UPDATED: Fitch Ratings has affirmed Malta's long-term 'A+' and said the outlooks are “stable”. However it said that the government debt of 72% of GDP is Malta’s main rating weakness and the main long-term threat to the public finances is the unreformed pension system. It also noted that the government’s “parliamentary majority is fragile and there is a risk that the budget will not pass”.
“The agency's baseline assumes that the government will pass the budget and that there will not be early elections. However, its parliamentary majority is fragile and there is a risk that the budget will not pass. In the event of early elections the fiscal slippage in 2012 is likely to be wider than Fitch's baseline. A budget deficit in excess of 3% of GDP would increase the risk of a negative rating action as it would undermine confidence in near-term stabilisation of the government debt to GDP ratio,” Fitch said in its report on Malta.

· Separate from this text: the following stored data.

lemma kcover_path_straddles: "kcover_path k x qs \<Longrightarrow> straddles k (length x) qs"
  by (induction k x qs rule: kcover_path.induct) auto

lemma kcover_path_append:
  "kcover_path k x (qs @ rs) \<longleftrightarrow> kcover_path k x qs \<and> kcover_path k (apply_swaps x qs) rs"
  by (induction k x qs rule: kcover_path.induct) auto

lemma decreasing_after_mono: "decreasing_after k y \<Longrightarrow> k \<le> k' \<Longrightarrow> decreasing_after k' y"
  unfolding decreasing_after_def by auto

text \<open>Within the tail only position b changes, from x_a up to x_b, and the cover condition
  leaves no tail entry strictly between the two.\<close>
lemma decreasing_after_swap_cover:
  assumes dec: "decreasing_after k (swap x a b)" and "distinct x"
    and ab: "1 \<le> a" "a \<le> k" "k < b" "b \<le> length x" and "ninv (swap x a b) = ninv x + 1"
  shows "decreasing_after k x"
  unfolding decreasing_after_def
proof (intro allI impI)
  fix p q assume pq: "k \<le> p" "p < q" "q < length x"
  have lt: "x ! (a - 1) < x ! (b - 1)"
    and between: "\<And>m. a < m \<Longrightarrow> m < b \<Longrightarrow> \<not> (x ! (a - 1) < x ! (m - 1) \<and> x ! (m - 1) < x ! (b - 1))"
    using cover_swap_values[OF assms(2) ab(1) _ ab(4)] assms by auto
  have swap_nth_off: "\<And>t. t < length x \<Longrightarrow> t \<noteq> b - 1 \<Longrightarrow> k \<le> t \<Longrightarrow> swap x a b ! t = x ! t"
    and swap_nth_b: "swap x a b ! (b - 1) = x ! (a - 1)"
    using ab by (auto simp: swap_nth)
  have dec': "swap x a b ! q < swap x a b ! p"
    using dec pq by (simp add: decreasing_after_def)
  consider "p \<noteq> b - 1" "q \<noteq> b - 1" | "p = b - 1" | "q = b - 1" by blast
  then show "x ! q < x ! p"
  proof cases
    case 1 then show ?thesis using dec' swap_nth_off[of p] swap_nth_off[of q] pq by simp
  next
    case 2 then show ?thesis using dec' swap_nth_off[of q] swap_nth_b pq lt by simp
  next
    case 3
    have "x ! (a - 1) < x ! p" using dec' swap_nth_off[of p] swap_nth_b pq 3 by simp
    moreover have "\<not> (x ! (a - 1) < x ! p \<and> x ! p < x ! (b - 1))"
      using between[of "Suc p"] pq 3 ab by simp
    moreover have "x ! p \<noteq> x ! (b - 1)" using \<open>distinct x\<close> pq 3 by (simp add: nth_eq_iff_index_eq)
    ultimately show ?thesis using 3 by auto
  qed
qed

“Fitch's baseline envisages that the election outcome will not disrupt the medium-term objective of the fiscal policy, which is to realise a balanced central government budget and stabilise the public debt ratio. If there is material fiscal slippage this year or the post-election fiscal policy fails to deliver this, it could have negative rating implications.”

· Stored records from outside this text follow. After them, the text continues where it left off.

(* Let $n\ge2$, let $G$ be an absolutely continuous distribution function on $[0,\infty)$, $\lambda>0$, $\alpha_1,\dots,\alpha_n,\alpha^*_1,\dots,\alpha^*_n>0$. Let $\phi_1,\phi_2$ be Archimedean generators with pseudo-inverses $\psi_1,\psi_2$. Let $\boldsymbol{X}=(X_1,\dots,X_n)$ have joint distribution function $\phi_1\big(\sum_{i=1}^n\psi_1([G(\lambda x_i)]^{\alpha_i})\big)$ and $\boldsymbol{X}^*$ have joint distribution function $\phi_2\big(\sum_{i=1}^n\psi_2([G(\lambda x_i)]^{\alpha^*_i})\big)$. If $\phi_1$ or $\phi_2$ is log-convex, $\psi_2\circ\phi_1$ is super-additive, and $\prod_{i=1}^{j}\alpha^*_{[i]}\le\prod_{i=1}^{j}\alpha_{[i]}$ for all $j=1,\dots,n$, then $X_{n:n}\ge_{\rm st}X^*_{n:n}$.
   Context: An Archimedean generator is an $n$-monotone function $\phi:[0,\infty)\to[0,1]$ with $\phi(0)=1$, $\lim_{x\to\infty}\phi(x)=0$ ($n$-monotone: $(-1)^k\phi^{(k)}\ge0$ for $k=0,\dots,n-2$ and $(-1)^{n-2}\phi^{(n-2)}$ decreasing and convex); $\psi=\phi^{-1}$ is its pseudo-inverse. $h$ super-additive means $h(x+y)\ge h(x)+h(y)$ for $x,y\ge0$. $\alpha_{[1]}\ge\dots\ge\alpha_{[n]}$ are the components in decreasing order. $X_{n:n}=\max_i X_i$. $X\le_{\rm st}Y$ means $P(X>x)\le P(Y>x)$ for all $x$. *)

theory Defs
  imports "HOL-Probability.Probability"
begin

definition abs_cont_cdf_nonneg :: "(real \<Rightarrow> real) \<Rightarrow> bool" where
  "abs_cont_cdf_nonneg G \<longleftrightarrow>
     (\<exists>M. real_distribution M \<and> absolutely_continuous lborel M \<and>
          measure M {..<0} = 0 \<and> (\<forall>x. G x = measure M {..x}))"

definition n_monotone :: "nat \<Rightarrow> (real \<Rightarrow> real) \<Rightarrow> bool" where
  "n_monotone n \<phi> \<longleftrightarrow>
     (\<forall>k < n - 2. \<forall>x > 0. (deriv ^^ k) \<phi> differentiable at x) \<and>
     (\<forall>k \<le> n - 2. \<forall>x > 0. (-1) ^ k * (deriv ^^ k) \<phi> x \<ge> 0) \<and>
     antimono_on {0<..} (\<lambda>x. (-1) ^ (n - 2) * (deriv ^^ (n - 2)) \<phi> x) \<and>
     convex_on {0<..} (\<lambda>x. (-1) ^ (n - 2) * (deriv ^^ (n - 2)) \<phi> x)"

definition archimedean_generator :: "nat \<Rightarrow> (real \<Rightarrow> real) \<Rightarrow> bool" where
  "archimedean_generator n \<phi> \<longleftrightarrow>
     (\<forall>x \<ge> 0. 0 \<le> \<phi> x \<and> \<phi> x \<le> 1) \<and> continuous_on {0..} \<phi> \<and>
     \<phi> 0 = 1 \<and> (\<phi> \<longlongrightarrow> 0) at_top \<and> n_monotone n \<phi>"

text \<open>Pseudo-inverse, extended-real valued: psi t = inf {x >= 0. phi x = t}
  (= infinity if the set is empty, e.g. psi 0 for a strict generator).\<close>
definition pseudo_inv :: "(real \<Rightarrow> real) \<Rightarrow> real \<Rightarrow> ereal" where
  "pseudo_inv \<phi> t = Inf {ereal x | x. 0 \<le> x \<and> \<phi> x = t}"

definition gen_ext :: "(real \<Rightarrow> real) \<Rightarrow> ereal \<Rightarrow> real" where
  "gen_ext \<phi> s = (if s = \<infinity> then 0 else \<phi> (real_of_ereal s))"

definition arch_joint_cdf ::
  "nat \<Rightarrow> (real \<Rightarrow> real) \<Rightarrow> (real \<Rightarrow> real) \<Rightarrow> real \<Rightarrow> (nat \<Rightarrow> real) \<Rightarrow> (nat \<Rightarrow> real) \<Rightarrow> real" where
  "arch_joint_cdf n \<phi> G lam \<alpha> x =
     gen_ext \<phi> (\<Sum>i<n. pseudo_inv \<phi> (G (lam * x i) powr \<alpha> i))"

definition log_convex :: "(real \<Rightarrow> real) \<Rightarrow> bool" where
  "log_convex \<phi> \<longleftrightarrow> (\<forall>x y t. 0 \<le> x \<longrightarrow> 0 \<le> y \<longrightarrow> 0 < t \<longrightarrow> t < 1 \<longrightarrow>
      \<phi> (t * x + (1 - t) * y) \<le> \<phi> x powr t * \<phi> y powr (1 - t))"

The A+ rating and stable outlook reflects the demonstrated resilience of Malta's economy and financial sector; relatively strong budgetary position and secure domestic investor base for fiscal funding. The current account deficit has narrowed significantly in recent years and the economy is a net external creditor. Moreover, with a headline budget deficit below 3% of GDP - Malta is one of the few Euro Area Member States not subject to the Excessive Deficit Procedure under the Stability and Growth Pact - and Fitch's forecast for a primary (excluding debt interest payments) budget surplus in 2012-14, government debt to GDP ratio is projected to fall from 2013.
Government debt of 72% of GDP (89% of GDP including guarantees) is Malta's main rating weakness. However, the public debt ratio is close to stabilisation depending on the government's fiscal consolidation efforts. At 72% of GDP in 2011, public debt is not a standout by eurozone standards. However, it remains high for a small country with a large banking system. Fitch expects public debt to peak at 74% of GDP in 2013 and to decline gradually
The main long-term threat to the public finances is the unreformed pension system, Fitch warned.
In a statement in reaction to this rating, the Labour Party said Fitch has confirmed that whoever is in government will have a credible plan to keep the finances sustainable. This bursts the bubble created by GonziPN which is expressing doubts on a new government.
Labour said Fitch did not take seriously the words of the PN delegate Simon Busuttil who said that a new government would seek a financial bailout after two years.